+++ GIVEN ENTRIES
lemma bounded_Un:
  assumes A: "bounded A" and B: "bounded B"
  shows "bounded (A \<union> B)"
proof -
  obtain E x where E: "E \<in> EE" "x \<in> X" "A \<subseteq> E `` {x}" using A unfolding bounded_in_def by blast
  obtain F y where F: "F \<in> EE" "y \<in> X" "B \<subseteq> F `` {y}" using B unfolding bounded_in_def by blast
  obtain G where G: "G \<in> EE" "(x, y) \<in> G" using entourage_cover[OF E(2) F(2)] by blast
  obtain D1 where D1: "D1 \<in> EE" "G O F \<subseteq> D1" using entourage_relcomp[OF G(1) F(1)] .
  obtain D where D: "D \<in> EE" "E \<union> D1 \<subseteq> D" using entourage_Un[OF E(1) D1(1)] .
  have "A \<subseteq> D `` {x}" using E(3) D(2) by blast
  moreover have "B \<subseteq> D `` {x}"
  proof
    fix z assume "z \<in> B"
    with F(3) G(2) have "(x, z) \<in> G O F" by blast
    with D1(2) D(2) show "z \<in> D `` {x}" by blast
  qed
  ultimately have "A \<union> B \<subseteq> D `` {x}" by blast
  with D(1) E(2) show ?thesis unfolding bounded_in_def by blast
qed

lemma bounded_UN:
  assumes "x \<in> X" "finite I" "\<And>i. i \<in> I \<Longrightarrow> bounded (B i)"
  shows "bounded (\<Union>i\<in>I. B i)"
  using assms(2,3)
proof (induction I rule: finite_induct)
  case empty
  then show ?case using bounded_in_subset[OF bounded_singleton[OF assms(1)]] by simp
qed (simp add: bounded_Un)
(* Let $\mathfrak M$ be a weight matrix such that $m_k^{1/k}\to\infty$ for all $\mathbf M\in\mathfrak M$. If $F:\Omega_1\to\Omega_2$ is a real analytic mapping between open sets $\Omega_j\subseteq\mathbb{R}^{n_j}$, $j=1,2$, then $u\circ F\in\mathcal{E}^{[\mathfrak M]}(\Omega_1)$ for every $u\in\mathcal{E}^{[\mathfrak M]}(\Omega_2)$, i.e. the pullback $F^*:\mathcal{E}^{[\mathfrak M]}(\Omega_2)\to\mathcal{E}^{[\mathfrak M]}(\Omega_1)$ is well defined (both in the Roumieu case $[\mathfrak M]=\{\mathfrak M\}$ and in the Beurling case $[\mathfrak M]=(\mathfrak M)$).
   Context: A weight sequence is a sequence $\mathbf M=(M_k)_{k\in\mathbb N}$ with $M_0=1$, such that $\mu_k:=M_k/M_{k-1}$ satisfies $1\le\mu_1\le\mu_2\le\cdots$, and $M_k^{1/k}\to\infty$; write $m_k=M_k/k!$. A weight matrix is a family of weight sequences totally ordered by the pointwise order. For open $\Omega\subseteq\mathbb R^n$, $\mathcal E^{\{\mathfrak M\}}(\Omega)$ is the set of $f\in C^\infty(\Omega)$ such that for every relatively compact open $V\subseteq\Omega$ there exist $\mathbf M\in\mathfrak M$ and $\rho>0$ with $\sup_{x\in V,\alpha\in\mathbb N^n}|\partial^\alpha f(x)|/(\rho^{|\alpha|}M_{|\alpha|})<\infty$; $\mathcal E^{(\mathfrak M)}(\Omega)$ is the set of $f\in C^\infty(\Omega)$ such that this supremum is finite for every relatively compact open $V\subseteq\Omega$, every $\mathbf M\in\mathfrak M$ and every $\rho>0$. *)

theory Defs
  imports "HOL-Analysis.Analysis"
begin

definition quot_seq :: "(nat \<Rightarrow> real) \<Rightarrow> nat \<Rightarrow> real" where
  "quot_seq M k = M k / M (k - 1)"

definition weight_sequence :: "(nat \<Rightarrow> real) \<Rightarrow> bool" where
  "weight_sequence M \<longleftrightarrow>
     M 0 = 1 \<and> 1 \<le> quot_seq M 1 \<and> (\<forall>k\<ge>1. quot_seq M k \<le> quot_seq M (Suc k)) \<and>
     filterlim (\<lambda>k. M k powr (1 / real k)) at_top sequentially"

definition weight_matrix :: "(nat \<Rightarrow> real) set \<Rightarrow> bool" where
  "weight_matrix \<MM> \<longleftrightarrow> (\<forall>M\<in>\<MM>. weight_sequence M) \<and>
     (\<forall>M\<in>\<MM>. \<forall>N\<in>\<MM>. (\<forall>k. M k \<le> N k) \<or> (\<forall>k. N k \<le> M k))"

definition pd :: "'n::finite \<Rightarrow> (real^'n \<Rightarrow> real) \<Rightarrow> real^'n \<Rightarrow> real" where
  "pd i g x = deriv (\<lambda>t::real. g (x + t *\<^sub>R axis i 1)) 0"

primrec dlist :: "'n::finite list \<Rightarrow> (real^'n \<Rightarrow> real) \<Rightarrow> real^'n \<Rightarrow> real" where
  "dlist [] f = f"
| "dlist (i # is) f = pd i (dlist is f)"

text \<open>Partial derivative for multi-index alpha: differentiate alpha i times in direction i
 (in some fixed order; for smooth functions the order is irrelevant).\<close>
definition pmulti :: "('n::finite \<Rightarrow> nat) \<Rightarrow> (real^'n \<Rightarrow> real) \<Rightarrow> real^'n \<Rightarrow> real" where
  "pmulti \<alpha> f = dlist (SOME xs. \<forall>i. count_list xs i = \<alpha> i) f"

definition mlen :: "('n::finite \<Rightarrow> nat) \<Rightarrow> nat" where
  "mlen \<alpha> = (\<Sum>i\<in>UNIV. \<alpha> i)"

definition smooth_on :: "(real^'n::finite) set \<Rightarrow> (real^'n \<Rightarrow> real) \<Rightarrow> bool" where
  "smooth_on \<Omega> f \<longleftrightarrow> (\<forall>ds. continuous_on \<Omega> (dlist ds f) \<and>
      (\<forall>i. \<forall>x\<in>\<Omega>. (\<lambda>t::real. dlist ds f (x + t *\<^sub>R axis i 1)) differentiable (at 0)))"

definition rel_compact_open :: "(real^'n::finite) set \<Rightarrow> (real^'n) set \<Rightarrow> bool" where
  "rel_compact_open V \<Omega> \<longleftrightarrow> open V \<and> compact (closure V) \<and> closure V \<subseteq> \<Omega>"

definition roumieu :: "(nat \<Rightarrow> real) set \<Rightarrow> (real^'n::finite) set \<Rightarrow> (real^'n \<Rightarrow> real) set" where
  "roumieu \<MM> \<Omega> = {f. smooth_on \<Omega> f \<and>
     (\<forall>V. rel_compact_open V \<Omega> \<longrightarrow>
        (\<exists>M\<in>\<MM>. \<exists>\<rho>>0. \<exists>C. \<forall>x\<in>V. \<forall>\<alpha>.
            \<bar>pmulti \<alpha> f x\<bar> \<le> C * (\<rho> ^ mlen \<alpha> * M (mlen \<alpha>))))}"

definition beurling :: "(nat \<Rightarrow> real) set \<Rightarrow> (real^'n::finite) set \<Rightarrow> (real^'n \<Rightarrow> real) set" where
  "beurling \<MM> \<Omega> = {f. smooth_on \<Omega> f \<and>
     (\<forall>V. rel_compact_open V \<Omega> \<longrightarrow>
        (\<forall>M\<in>\<MM>. \<forall>\<rho>>0. \<exists>C. \<forall>x\<in>V. \<forall>\<alpha>.
            \<bar>pmulti \<alpha> f x\<bar> \<le> C * (\<rho> ^ mlen \<alpha> * M (mlen \<alpha>))))}"

text \<open>g is real analytic on Omega: near every point it is the sum of an (unconditionally,
 i.e. absolutely) convergent power series.\<close>
definition real_analytic_on :: "(real^'n::finite) set \<Rightarrow> (real^'n \<Rightarrow> real) \<Rightarrow> bool" where
  "real_analytic_on \<Omega> g \<longleftrightarrow> (\<forall>x0\<in>\<Omega>. \<exists>r>0. \<exists>c :: ('n \<Rightarrow> nat) \<Rightarrow> real.
      \<forall>x\<in>ball x0 r. ((\<lambda>\<alpha>. c \<alpha> * (\<Prod>i\<in>UNIV. (x$i - x0$i) ^ \<alpha> i)) has_sum g x) UNIV)"

definition real_analytic_map :: "(real^'n::finite) set \<Rightarrow> (real^'n \<Rightarrow> real^'m::finite) \<Rightarrow> bool" where
  "real_analytic_map \<Omega> F \<longleftrightarrow> (\<forall>j. real_analytic_on \<Omega> (\<lambda>x. F x $ j))"

end

theory Submission
  imports Defs
begin

text \<open>Write \<open>\<partial>\<^bsup>ds\<^esup>\<close> for the iterated partial derivative along a list \<open>ds\<close> of coordinate directions.
  Repeated use of the chain and product rules writes \<open>\<partial>\<^bsup>ds\<^esup>(u \<circ> F)(x)\<close>, with \<open>k = |ds|\<close>, as a sum of
  terms \<open>\<partial>\<^bsup>es\<^esup>u(F x) \<cdot> \<Prod> \<partial>\<^bsup>fs\<^esup>F\<^sub>j(x)\<close> with nonempty \<open>fs\<close> and as many factors as \<open>|es|\<close>.
  On a compact set real analyticity gives Cauchy estimates \<open>|\<partial>\<^bsup>fs\<^esup>F\<^sub>j| \<le> C R\<^bsup>l\<^esup> l!\<close> (\<open>l = |fs|\<close>), and
  the estimates of all terms with \<open>|es| = j\<close> add up to \<open>(n C)\<^sup>j R\<^sup>k L(k, j)\<close>, where the Lah numbers
  satisfy \<open>L(k, j) j! \<le> 3\<^sup>k k!\<close>. A bound \<open>c \<rho>\<^sup>j M\<^sub>j\<close> for the derivatives of \<open>u\<close> thus gives
  \<open>\<Sum>\<^sub>j c (\<rho> n C)\<^sup>j R\<^sup>k L(k, j) M\<^sub>j\<close> for those of \<open>u \<circ> F\<close>. Log-convexity \<open>M\<^sub>j M\<^bsub>k-j\<^esub> \<le> M\<^sub>k\<close> together
  with \<open>(k-j)! \<le> D \<sigma>\<^bsup>k-j\<^esup> M\<^bsub>k-j\<^esub>\<close>, valid for every \<open>\<sigma> > 0\<close> because \<open>m\<^sub>k\<^bsup>1/k\<^esup> \<rightarrow> \<infinity>\<close>, bounds this by
  \<open>c D (12 R \<sigma>)\<^sup>k M\<^sub>k\<close> whenever \<open>\<sigma> \<ge> \<rho> n C\<close>. So the constant \<open>\<rho>\<close> is only multiplied by \<open>12 R n C\<close>,
  which is harmless in the Roumieu case and can be compensated by choosing \<open>\<rho>\<close> small in the
  Beurling case. Since partial derivatives of smooth functions commute, bounds on the iterated
  derivatives \<open>\<partial>\<^bsup>ds\<^esup>\<close> and on the \<open>\<partial>\<^sup>\<alpha>\<close> of the definitions are equivalent.\<close>

lemma pd_eqI:
  assumes "((\<lambda>t. g (x + t *\<^sub>R axis i 1)) has_real_derivative D) (at 0)"
  shows "pd i g x = D"
  using assms unfolding pd_def by (rule DERIV_imp_deriv)

lemma eventually_line_in_open:
  fixes x :: "'a::real_normed_vector"
  assumes "open S" "x \<in> S"
  shows "\<forall>\<^sub>F t in nhds (0::real). x + t *\<^sub>R v \<in> S"
proof -
  have "((\<lambda>t::real. x + t *\<^sub>R v) \<longlongrightarrow> x + 0 *\<^sub>R v) (nhds 0)"
    by (intro tendsto_add tendsto_const tendsto_scaleR filterlim_ident)
  then show ?thesis using assms topological_tendstoD by fastforce
qed

lemma pd_cong_open:
  assumes "open S" "x \<in> S" "\<And>y. y \<in> S \<Longrightarrow> g y = h y"
  shows "pd i g x = pd i h x"
proof -
  have "\<forall>\<^sub>F t in nhds 0. g (x + t *\<^sub>R axis i 1) = h (x + t *\<^sub>R axis i 1)"
    using eventually_line_in_open[OF assms(1,2)] by eventually_elim (use assms(3) in auto)
  then have "DERIV (\<lambda>t. g (x + t *\<^sub>R axis i 1)) 0 :> D \<longleftrightarrow> DERIV (\<lambda>t. h (x + t *\<^sub>R axis i 1)) 0 :> D"
    for D by (rule DERIV_cong_ev[OF refl _ refl])
  then show ?thesis unfolding pd_def deriv_def by simp
qed

lemma DERIV_line_cong_open:
  fixes x :: "'a::real_normed_vector"
  assumes "open S" "x \<in> S" "\<And>y. y \<in> S \<Longrightarrow> g y = h y"
    and "((\<lambda>t. h (x + t *\<^sub>R v)) has_real_derivative D) (at 0)"
  shows "((\<lambda>t. g (x + t *\<^sub>R v)) has_real_derivative D) (at 0)"
proof -
  have "\<forall>\<^sub>F t in nhds 0. g (x + t *\<^sub>R v) = h (x + t *\<^sub>R v)"
    using eventually_line_in_open[OF assms(1,2)] by eventually_elim (use assms(3) in auto)
  from DERIV_cong_ev[OF refl this refl] show ?thesis using assms(4) by blast
qed

lemma dlist_append: "dlist ds (dlist es f) = dlist (ds @ es) f"
  by (induction ds) auto

lemma smooth_on_dlist: "smooth_on S f \<Longrightarrow> smooth_on S (dlist es f)"
  unfolding smooth_on_def by (simp add: dlist_append)

lemma smooth_on_continuous_dlist: "smooth_on S f \<Longrightarrow> continuous_on S (dlist ds f)"
  unfolding smooth_on_def by blast

lemma smooth_on_DERIV_line:
  assumes "smooth_on S f" "x \<in> S"
  shows "((\<lambda>t. dlist ds f (x + t *\<^sub>R axis i 1)) has_real_derivative dlist (i # ds) f x) (at 0)"
proof -
  have "(\<lambda>t::real. dlist ds f (x + t *\<^sub>R axis i 1)) differentiable (at 0)"
    using assms unfolding smooth_on_def by blast
  then show ?thesis
    by (simp add: pd_def DERIV_deriv_iff_real_differentiable)
qed

lemma DERIV_line_shift:
  fixes v :: "'a::real_vector"
  assumes "((\<lambda>t. g (z + t0 *\<^sub>R v + t *\<^sub>R v)) has_real_derivative D) (at 0)"
  shows "((\<lambda>t. g (z + t *\<^sub>R v)) has_real_derivative D) (at t0)"
proof -
  have "((\<lambda>t. g (z + t0 *\<^sub>R v + (t - t0) *\<^sub>R v)) has_real_derivative D) (at t0)"
    using DERIV_shift[of "\<lambda>t. g (z + t0 *\<^sub>R v + t *\<^sub>R v)" D t0 "-t0"] assms by simp
  moreover have "z + t0 *\<^sub>R v + (t - t0) *\<^sub>R v = z + t *\<^sub>R v" for t
    by (simp add: algebra_simps)
  ultimately show ?thesis by simp
qed

lemma smooth_on_DERIV_line_at:
  assumes "smooth_on S f" "z + t0 *\<^sub>R axis i 1 \<in> S"
  shows "((\<lambda>t. dlist ds f (z + t *\<^sub>R axis i 1)) has_real_derivative
           dlist (i # ds) f (z + t0 *\<^sub>R axis i 1)) (at t0)"
  by (rule DERIV_line_shift[OF smooth_on_DERIV_line[OF assms]])

subsection \<open>Symmetry of second partial derivatives\<close>

lemma dist_add_two_axis_le:
  fixes y :: "real^'n::finite"
  shows "dist (y + s *\<^sub>R axis a 1 + t *\<^sub>R axis b 1) y \<le> \<bar>s\<bar> + \<bar>t\<bar>"
proof -
  have "norm (s *\<^sub>R axis a 1 + t *\<^sub>R axis b 1 :: real^'n)
      \<le> norm (s *\<^sub>R axis a 1 :: real^'n) + norm (t *\<^sub>R axis b 1 :: real^'n)"
    by (rule norm_triangle_ineq)
  then show ?thesis by (simp add: dist_norm)
qed

lemma second_difference_mvt:
  fixes y :: "real^'n::finite"
  assumes sm: "smooth_on S g" and sub: "ball y r \<subseteq> S" and h: "0 < h" "2 * h < r"
  obtains w where "dist w y < 2 * h"
    "g (y + h *\<^sub>R axis a 1 + h *\<^sub>R axis b 1) - g (y + h *\<^sub>R axis a 1) - g (y + h *\<^sub>R axis b 1) + g y
      = h * h * pd b (pd a g) w"
proof -
  note near = dist_add_two_axis_le[of y]
  have inS: "y + s *\<^sub>R axis a 1 + t *\<^sub>R axis b 1 \<in> S" if "\<bar>s\<bar> \<le> h" "\<bar>t\<bar> \<le> h" for s t a b
    using near[of s a t b] that h sub by (auto simp: dist_commute)
  define \<psi> where "\<psi> s = g (y + h *\<^sub>R axis b 1 + s *\<^sub>R axis a 1) - g (y + s *\<^sub>R axis a 1)" for s
  define \<psi>' where "\<psi>' s = pd a g (y + h *\<^sub>R axis b 1 + s *\<^sub>R axis a 1) - pd a g (y + s *\<^sub>R axis a 1)"
    for s
  have "DERIV \<psi> s :> \<psi>' s" if "0 \<le> s" "s \<le> h" for s
  proof -
    have "y + h *\<^sub>R axis b 1 + s *\<^sub>R axis a 1 \<in> S" "y + 0 *\<^sub>R axis a 1 + s *\<^sub>R axis a 1 \<in> S"
      using inS[of h s b a] inS[of 0 s a a] that h by auto
    from this[THEN smooth_on_DERIV_line_at[OF sm, of _ _ _ "[]"]] show ?thesis
      unfolding \<psi>_def \<psi>'_def by (auto intro: DERIV_diff)
  qed
  then obtain \<sigma> where \<sigma>: "0 < \<sigma>" "\<sigma> < h" "\<psi> h - \<psi> 0 = h * \<psi>' \<sigma>"
    using MVT2[of 0 h \<psi> \<psi>'] h by auto
  define \<phi> where "\<phi> t = pd a g (y + \<sigma> *\<^sub>R axis a 1 + t *\<^sub>R axis b 1)" for t
  have "DERIV \<phi> t :> pd b (pd a g) (y + \<sigma> *\<^sub>R axis a 1 + t *\<^sub>R axis b 1)" if "0 \<le> t" "t \<le> h" for t
    unfolding \<phi>_def
    using smooth_on_DERIV_line_at[OF sm inS[of \<sigma> t], of "[a]"] that \<sigma> by simp
  then obtain \<tau> where \<tau>: "0 < \<tau>" "\<tau> < h"
     "\<phi> h - \<phi> 0 = h * pd b (pd a g) (y + \<sigma> *\<^sub>R axis a 1 + \<tau> *\<^sub>R axis b 1)"
    using MVT2[of 0 h \<phi> "\<lambda>t. pd b (pd a g) (y + \<sigma> *\<^sub>R axis a 1 + t *\<^sub>R axis b 1)"] h by auto
  have "\<psi>' \<sigma> = \<phi> h - \<phi> 0" "\<psi> h - \<psi> 0 =
      g (y + h *\<^sub>R axis a 1 + h *\<^sub>R axis b 1) - g (y + h *\<^sub>R axis a 1) - g (y + h *\<^sub>R axis b 1) + g y"
    unfolding \<psi>_def \<psi>'_def \<phi>_def by (simp_all add: algebra_simps)
  moreover have "dist (y + \<sigma> *\<^sub>R axis a 1 + \<tau> *\<^sub>R axis b 1) y < 2 * h"
    using near[of \<sigma> a \<tau> b] \<sigma> \<tau> by simp
  ultimately show ?thesis using that \<sigma>(3) \<tau>(3) by auto
qed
++++++
WHAT YOU ARE ASKED TO DO: Provide only the number of lines above that contain the word "thesis".

THE ANSWER: 9